• **WHAT THE TASK ASKS**
Lines to return, exactly: from the line with "nat \<Rightarrow> ('y" to the line with "dom_mon f; c = f d;" in the entries below, both included.
(SUPPLIED RECORDS)
(* Let $(X,Y,Z)$ be jointly distributed with $X\in\mathcal X$, $Y\in\mathcal Y$ (a finite set of classes, indexed so that "smallest index" is meaningful) and $Z\in\{0,1\}^K$, with $\Pr(Z_k=1)>0$ for all $k\in[K]$. Let $\mathbb P_X$ be the marginal of $X$. Let $r:\mathcal X\times\mathcal Y\to[0,\infty)$ be a pointwise risk, and let $g(x,k)=\Pr(Z_k=1\mid X=x)$. Let $\mathcal C=\{(y_1,\mathcal I_1),\dots,(y_C,\mathcal I_C)\}$ be fairness constraints and $\alpha\in[0,1]$. Assume the uniqueness assumption holds for $(r,g)$ under $\mathbb P_X$. Let $\{\psi_{c,k}:c\in[C],k\in\mathcal I_c\}$ be (the $\psi$-part of) a maximizer of the Dual LP$(r,g,\mathbb P_X,\mathcal C,\alpha)$. Then the classifier $$h(x)=\operatorname*{argmin}_{y\in\mathcal Y}\Big(r(x,y)+\sum_{k\in[K]}g(x,k)w(y,k)\Big),\qquad w(y,k)=-\sum_{c\in[C]}\mathbf 1[y_c=y,\,k\in\mathcal I_c]\frac{\psi_{c,k}}{\Pr(Z_k=1)},$$ (ties broken to the minimizing class with the smallest index) is a minimizer of $$\min_{h:\mathcal X\to\mathcal Y}\mathbb E[r(X,h(X))]\quad\text{subject to } h \text{ satisfying } \alpha\text{-group fairness w.r.t. } \mathcal C,$$ where the minimum is over (possibly randomized) classifiers.
   Context: Fairness constraints: $\mathcal C=\{(y_c,\mathcal I_c)\}_{c\in[C]}$ with $y_c\in\mathcal Y$ and $\mathcal I_c\subseteq[K]$. A (randomized) classifier $h:\mathcal X\to\mathcal Y$ satisfies $\alpha$-group fairness w.r.t. $\mathcal C$ if $\max_{k,k'\in\mathcal I_c}|\Pr(h(X)=y_c\mid Z_k=1)-\Pr(h(X)=y_c\mid Z_{k'}=1)|\le\alpha$ for all $c\in[C]$ (the randomness of $h$ given $X$ is independent of $(Y,Z)$). Dual LP$(r,g,P,\mathcal C,\alpha)$ for a distribution $P$ on $\mathcal X$: maximize over $\phi:\mathcal X\to\mathbb R$ and reals $\psi=\{\psi_{c,k}:c\in[C],k\in\mathcal I_c\}$ the objective $\mathbb E_{X\sim P}[\phi(X)]-\frac\alpha2\sum_{c\in[C]}\sum_{k\in\mathcal I_c}|\psi_{c,k}|$ subject to $\phi(x)+\sum_{c:y_c=y}\sum_{k\in\mathcal I_c}g(x,k)\frac{\psi_{c,k}}{\mathbb E_{X\sim P}[g(X,k)]}\le r(x,y)$ for all $x\in\mathcal X,y\in\mathcal Y$, and $\sum_{k\in\mathcal I_c}\psi_{c,k}=0$ for all $c$. (For the Bayes $g$ and $P=\mathbb P_X$, $\mathbb E_P[g(X,k)]=\Pr(Z_k=1)$.) Uniqueness assumption for $(r,g)$ under $P$: for every $w:\mathcal Y\times[K]\to\mathbb R$, the set $\operatorname{argmin}_{y\in\mathcal Y}\big(r(X,y)-\sum_k g(X,k)w(y,k)\big)$ has exactly one element for $P$-almost every $X$. *)

theory Defs
  imports "HOL-Probability.Probability"
begin

text \<open>Classes form a finite linearly ordered type 'y; the index set [K] is {..<K};
  constraints are indexed by c < C with class yc c and group index set Ic c.
  Z :: 'a => nat => bool, Z w k means Z_k = 1.\<close>

definition cond_prob_version ::
  "'a measure \<Rightarrow> 'x measure \<Rightarrow> ('a \<Rightarrow> 'x) \<Rightarrow> ('a \<Rightarrow> nat \<Rightarrow> bool) \<Rightarrow> nat
   \<Rightarrow> ('x \<Rightarrow> nat \<Rightarrow> real) \<Rightarrow> bool" where
  "cond_prob_version M N X Z K g \<longleftrightarrow>
     (\<forall>k<K. (\<lambda>x. g x k) \<in> borel_measurable N \<and>
        integrable (distr M N X) (\<lambda>x. g x k) \<and>
        (\<forall>A\<in>sets N. (\<integral>x. indicator A x * g x k \<partial>distr M N X)
                       = measure M {\<omega>\<in>space M. X \<omega> \<in> A \<and> Z \<omega> k}))"

text \<open>A randomized classifier: x maps to a distribution over classes, measurably in x.
  A deterministic classifier h corresponds to (\<lambda>x. return_pmf (h x)).\<close>
definition randomized_classifier :: "'x measure \<Rightarrow> ('x \<Rightarrow> 'y pmf) \<Rightarrow> bool" where
  "randomized_classifier N H \<longleftrightarrow> (\<forall>y. (\<lambda>x. pmf (H x) y) \<in> borel_measurable N)"

text \<open>Pr(h(X) = y | Z_k = 1), the randomness of h given X being independent of (Y,Z).\<close>
definition cond_pred_prob ::
  "'a measure \<Rightarrow> ('a \<Rightarrow> 'x) \<Rightarrow> ('a \<Rightarrow> nat \<Rightarrow> bool) \<Rightarrow> ('x \<Rightarrow> 'y pmf) \<Rightarrow> 'y \<Rightarrow> nat \<Rightarrow> real" where
  "cond_pred_prob M X Z H y k =
     (\<integral>\<omega>. pmf (H (X \<omega>)) y * indicator {\<omega>\<in>space M. Z \<omega> k} \<omega> \<partial>M)
       / measure M {\<omega>\<in>space M. Z \<omega> k}"

definition group_fair ::
  "'a measure \<Rightarrow> ('a \<Rightarrow> 'x) \<Rightarrow> ('a \<Rightarrow> nat \<Rightarrow> bool) \<Rightarrow> nat \<Rightarrow> (nat \<Rightarrow> 'y) \<Rightarrow> (nat \<Rightarrow> nat set)
   \<Rightarrow> real \<Rightarrow> ('x \<Rightarrow> 'y pmf) \<Rightarrow> bool" where
  "group_fair M X Z C yc Ic \<alpha> H \<longleftrightarrow>
     (\<forall>c<C. \<forall>k\<in>Ic c. \<forall>k'\<in>Ic c.
        \<bar>cond_pred_prob M X Z H (yc c) k - cond_pred_prob M X Z H (yc c) k'\<bar> \<le> \<alpha>)"

definition risk :: "'x measure \<Rightarrow> ('x \<Rightarrow> 'y::finite \<Rightarrow> real) \<Rightarrow> ('x \<Rightarrow> 'y pmf) \<Rightarrow> ennreal" where
  "risk P r H = (\<integral>\<^sup>+x. ennreal (\<Sum>y\<in>UNIV. pmf (H x) y * r x y) \<partial>P)"

definition dual_feasible ::
  "'x measure \<Rightarrow> ('x \<Rightarrow> 'y \<Rightarrow> real) \<Rightarrow> ('x \<Rightarrow> nat \<Rightarrow> real) \<Rightarrow> nat \<Rightarrow> (nat \<Rightarrow> 'y)
   \<Rightarrow> (nat \<Rightarrow> nat set) \<Rightarrow> ('x \<Rightarrow> real) \<Rightarrow> (nat \<Rightarrow> nat \<Rightarrow> real) \<Rightarrow> bool" where
  "dual_feasible P r g C yc Ic \<phi> \<psi> \<longleftrightarrow>
     \<phi> \<in> borel_measurable P \<and> integrable P \<phi> \<and>
     (\<forall>x\<in>space P. \<forall>y.
        \<phi> x + (\<Sum>c\<in>{c. c < C \<and> yc c = y}. \<Sum>k\<in>Ic c.
                  g x k * \<psi> c k / (\<integral>x'. g x' k \<partial>P)) \<le> r x y) \<and>
     (\<forall>c<C. (\<Sum>k\<in>Ic c. \<psi> c k) = 0)"

definition dual_objective ::
  "'x measure \<Rightarrow> real \<Rightarrow> nat \<Rightarrow> (nat \<Rightarrow> nat set) \<Rightarrow> ('x \<Rightarrow> real) \<Rightarrow> (nat \<Rightarrow> nat \<Rightarrow> real) \<Rightarrow> real" where
  "dual_objective P \<alpha> C Ic \<phi> \<psi> =
     (\<integral>x. \<phi> x \<partial>P) - \<alpha> / 2 * (\<Sum>c<C. \<Sum>k\<in>Ic c. \<bar>\<psi> c k\<bar>)"

definition dual_maximizer ::
  "'x measure \<Rightarrow> ('x \<Rightarrow> 'y \<Rightarrow> real) \<Rightarrow> ('x \<Rightarrow> nat \<Rightarrow> real) \<Rightarrow> nat \<Rightarrow> (nat \<Rightarrow> 'y)
   \<Rightarrow> (nat \<Rightarrow> nat set) \<Rightarrow> real \<Rightarrow> ('x \<Rightarrow> real) \<Rightarrow> (nat \<Rightarrow> nat \<Rightarrow> real) \<Rightarrow> bool" where
  "dual_maximizer P r g C yc Ic \<alpha> \<phi> \<psi> \<longleftrightarrow>
     dual_feasible P r g C yc Ic \<phi> \<psi> \<and>
     (\<forall>\<phi>' \<psi>'. dual_feasible P r g C yc Ic \<phi>' \<psi>' \<longrightarrow>
        dual_objective P \<alpha> C Ic \<phi>' \<psi>' \<le> dual_objective P \<alpha> C Ic \<phi> \<psi>)"

definition uniqueness_assumption ::
  "'x measure \<Rightarrow> ('x \<Rightarrow> 'y \<Rightarrow> real) \<Rightarrow> ('x \<Rightarrow> nat \<Rightarrow> real) \<Rightarrow> nat \<Rightarrow> bool" where
  "uniqueness_assumption P r g K \<longleftrightarrow>
     (\<forall>w :: 'y \<Rightarrow> nat \<Rightarrow> real. AE x in P.
        card {y. \<forall>y'. r x y - (\<Sum>k<K. g x k * w y k) \<le> r x y' - (\<Sum>k<K. g x k * w y' k)} = 1)"

definition fair_weights ::
  "'a measure \<Rightarrow> ('a \<Rightarrow> nat \<Rightarrow> bool) \<Rightarrow> nat \<Rightarrow> (nat \<Rightarrow> 'y) \<Rightarrow> (nat \<Rightarrow> nat set)
   \<Rightarrow> (nat \<Rightarrow> nat \<Rightarrow> real) \<Rightarrow> 'y \<Rightarrow> nat \<Rightarrow> real" where
  "fair_weights M Z C yc Ic \<psi> y k =
     - (\<Sum>c<C. if yc c = y \<and> k \<in> Ic c
               then \<psi> c k / measure M {\<omega>\<in>space M. Z \<omega> k} else 0)"

definition plugin_classifier ::
  "('x \<Rightarrow> 'y::linorder \<Rightarrow> real) \<Rightarrow> ('x \<Rightarrow> nat \<Rightarrow> real) \<Rightarrow> nat \<Rightarrow> ('y \<Rightarrow> nat \<Rightarrow> real) \<Rightarrow> 'x \<Rightarrow> 'y" where
  "plugin_classifier r g K w x =
     (LEAST y. \<forall>y'. r x y + (\<Sum>k<K. g x k * w y k) \<le> r x y' + (\<Sum>k<K. g x k * w y' k))"

end

theory Submission
  imports Defs
begin
text \<open>for f > 0, f = c d(f) (1 + eps)\<close>
definition Llog :: "'o::wellorder ser \<Rightarrow> 'o ser" where
  "Llog f = (let d = dom_mon f; c = f d;
                 eps = (\<lambda>m. f (mon_mult m d) / c - (if m = mon_one then 1 else 0))
             in ser_add (ser_add (log_mon d) (ser_const (ln c)))
                  (sum_fam (\<lambda>n. ser_scale ((-1) ^ (n - 1) / real n) (ser_pow eps n)) {1..}))"

definition multipliable :: "('i \<Rightarrow> 'o::wellorder ser) \<Rightarrow> 'i set \<Rightarrow> bool" where
  "multipliable F I \<longleftrightarrow> (\<forall>i\<in>I. F i \<in> Lser \<and> ser_pos (F i)) \<and> summable_fam (\<lambda>i. Llog (F i)) I"

definition logn :: "nat \<Rightarrow> 'o::wellorder ser \<Rightarrow> 'o ser" where
  "logn n = Llog ^^ n"

end

theory Submission
  imports Defs
begin
lemma concave_kr: "j \<in> {0..n} \<Longrightarrow> strictly_concave_on {0<..<2*pi} (kr (K j))"
  by (rule strictly_concave_kernel_kr[OF kernel])

lemma Fsum_neq_PInf: "Fsum n K y t \<noteq> \<infinity>"
  unfolding Fsum_eq_sum_poles by (simp add: sum_Pinfty kernel_neq_PInf[OF kernel])

lemma Fsum_isCont:
  fixes t :: "'a::t2_space \<Rightarrow> real"
  assumes "isCont t x" "\<And>j. isCont (\<lambda>x. y x j) x"
  shows "isCont (\<lambda>x. Fsum n K (y x) (t x)) x"
proof -
  have "isCont (\<lambda>x. K j (t x - pole (y x) j)) x" if j: "j \<in> {0..n}" for j
  proof -
    have "isCont (\<lambda>x. t x - pole (y x) j) x"
      using assms by (cases "j = 0") (auto simp: pole_def intro!: continuous_intros)
    thus ?thesis using continuous_at_compose[OF _ kernel_isCont[OF kernel[OF j]]] by (simp add: comp_def)
  qed
  thus ?thesis unfolding Fsum_eq_sum_poles isCont_def
    by (intro tendsto_sum_ereal_not_PInf) (auto simp: isCont_def kernel_neq_PInf[OF kernel])
qed

lemma Fsum_periodic_int: "Fsum n K y (t + 2*pi * of_int m) = Fsum n K y t"
  unfolding Fsum_eq_sum_poles
  by (rule sum.cong) (use kernel_periodic_int[OF kernel, of _ "t - pole y _" m] in \<open>auto simp: algebra_simps\<close>)

lemma Fsum_2pi: "Fsum n K y (2*pi) = Fsum n K y 0"
  using Fsum_periodic_int[of y 0 1] by simp

lemma Fsum_mod2pi: "Fsum n K y (mod2pi t) = Fsum n K y t"
  using Fsum_periodic_int[of y "mod2pi t" "\<lfloor>t / (2*pi)\<rfloor>"] by (simp add: mod2pi_def)

lemma Fsum_shift_nodes:
  assumes "\<And>j. j \<in> {1..n} \<Longrightarrow> \<exists>m::int. y' j = y j + 2*pi * of_int m"
  shows "Fsum n K y' t = Fsum n K y t"
  unfolding Fsum_eq_sum_poles
proof (rule sum.cong)
  fix j assume j: "j \<in> {0..n}"
  show "K j (t - pole y' j) = K j (t - pole y j)"
  proof (cases "j = 0")
    case False
    then obtain m :: int where m: "y' j = y j + 2*pi * of_int m" using assms j by fastforce
    have "K j (t - pole y' j) = K j ((t - pole y' j) + 2*pi * of_int m)"
      by (rule kernel_periodic_int[OF kernel[OF j], symmetric])
    also have "(t - pole y' j) + 2*pi * of_int m = t - pole y j" using m False by (simp add: pole_def)
    finally show ?thesis .
  qed (simp add: pole_def)
qed simp

lemma Fsum_eq_ereal_sum:
  assumes a: "\<And>j. j \<in> {0..n} \<Longrightarrow> a j \<in> {0, 2*pi}"
    and range: "\<And>j. j \<in> {0..n} \<Longrightarrow> 0 < t - pole y j + a j \<and> t - pole y j + a j < 2*pi"
  shows "Fsum n K y t = ereal (\<Sum>j\<in>{0..n}. kr (K j) (t - pole y j + a j))"
  unfolding Fsum_eq_sum_poles
proof (rule sum_ereal_eq_ereal_sum)
  fix j assume j: "j \<in> {0..n}"
  have "K j (t - pole y j) = K j (t - pole y j + a j)"
    using a[OF j] kernel_periodic[OF kernel[OF j], of "t - pole y j"] by auto
  thus "K j (t - pole y j) = ereal (kr (K j) (t - pole y j + a j))"
    using kernel_eq_kr[OF kernel[OF j]] range[OF j] by simp
qed

definition Fmax :: "(nat \<Rightarrow> real) \<Rightarrow> ereal" where
  "Fmax y = (SUP t\<in>{0..2*pi}. Fsum n K y t)"

lemma Fsum_le_Fmax: "Fsum n K y t \<le> Fmax y"
  using SUP_upper[of "mod2pi t" "{0..2*pi}" "Fsum n K y"] mod2pi_bounds[of t]
  by (simp add: Fmax_def Fsum_mod2pi)

lemma Fmax_attained: obtains t where "t \<in> {0..2*pi}" "Fsum n K y t = Fmax y"
proof -
  have "continuous_on {0..2*pi} (Fsum n K y)"
    using Fsum_isCont[where t="\<lambda>x. x" and y="\<lambda>x. y"] by (intro continuous_at_imp_continuous_on) auto
  then obtain t where t: "t \<in> {0..2*pi}" "\<forall>s\<in>{0..2*pi}. Fsum n K y s \<le> Fsum n K y t"
    using continuous_attains_sup[of "{0..2*pi}" "Fsum n K y"] by auto
  have "Fmax y \<le> Fsum n K y t" unfolding Fmax_def by (rule SUP_least) (use t in auto)
  thus ?thesis using t that Fsum_le_Fmax[of y t] by (auto intro: antisym)
qed
lemma measurable_act: "\<tau> \<in> perm_group d L \<Longrightarrow> act d L \<tau> \<in> mlp_space d L \<rightarrow>\<^sub>M mlp_space d L"
  unfolding act_eq_restrict_coord_perm[abs_def] mlp_space_def
  by (intro measurable_restrict measurable_component_singleton) (auto intro: coord_perm_in_mlp_coords)

lemma distr_act: "\<tau> \<in> perm_group d L \<Longrightarrow> distr (mlp_space d L) (mlp_space d L) (act d L \<tau>) = mlp_space d L"
  unfolding act_eq_restrict_coord_perm[abs_def] mlp_space_def
  by (rule distr_PiM_permute_coordinates[OF _ finite_mlp_coords bij_betw_coord_perm])
    (rule lborel.sigma_finite_measure_axioms)

lemma finite_measure_preserving_family_mlp:
  "finite_measure_preserving_family (mlp_space d L) (perm_group d L) (\<lambda>\<tau>. act d L (perm_inv \<tau>))"
  using finite_perm_group id_in_perm_group perm_inv_in_perm_group measurable_act distr_act
  by unfold_locales blast+

lemma G_invariant_act_perm_inv:
  "G_invariant d L h \<Longrightarrow> \<tau> \<in> perm_group d L \<Longrightarrow> \<omega> \<in> space (mlp_space d L) \<Longrightarrow>
    h (act d L (perm_inv \<tau>) \<omega>) = h \<omega>"
  unfolding G_invariant_def by (blast intro: perm_inv_in_perm_group)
(End SUPPLIED RECORDS)
• **ANSWER TO THIS PROBLEM**
  "('x \<Rightarrow> 'y::linorder \<Rightarrow> real) \<Rightarrow> ('x \<Rightarrow> nat \<Rightarrow> real) \<Rightarrow> nat \<Rightarrow> ('y \<Rightarrow> nat \<Rightarrow> real) \<Rightarrow> 'x \<Rightarrow> 'y" where
  "plugin_classifier r g K w x =
     (LEAST y. \<forall>y'. r x y + (\<Sum>k<K. g x k * w y k) \<le> r x y' + (\<Sum>k<K. g x k * w y' k))"

end

theory Submission
  imports Defs
begin
text \<open>for f > 0, f = c d(f) (1 + eps)\<close>
definition Llog :: "'o::wellorder ser \<Rightarrow> 'o ser" where
  "Llog f = (let d = dom_mon f; c = f d;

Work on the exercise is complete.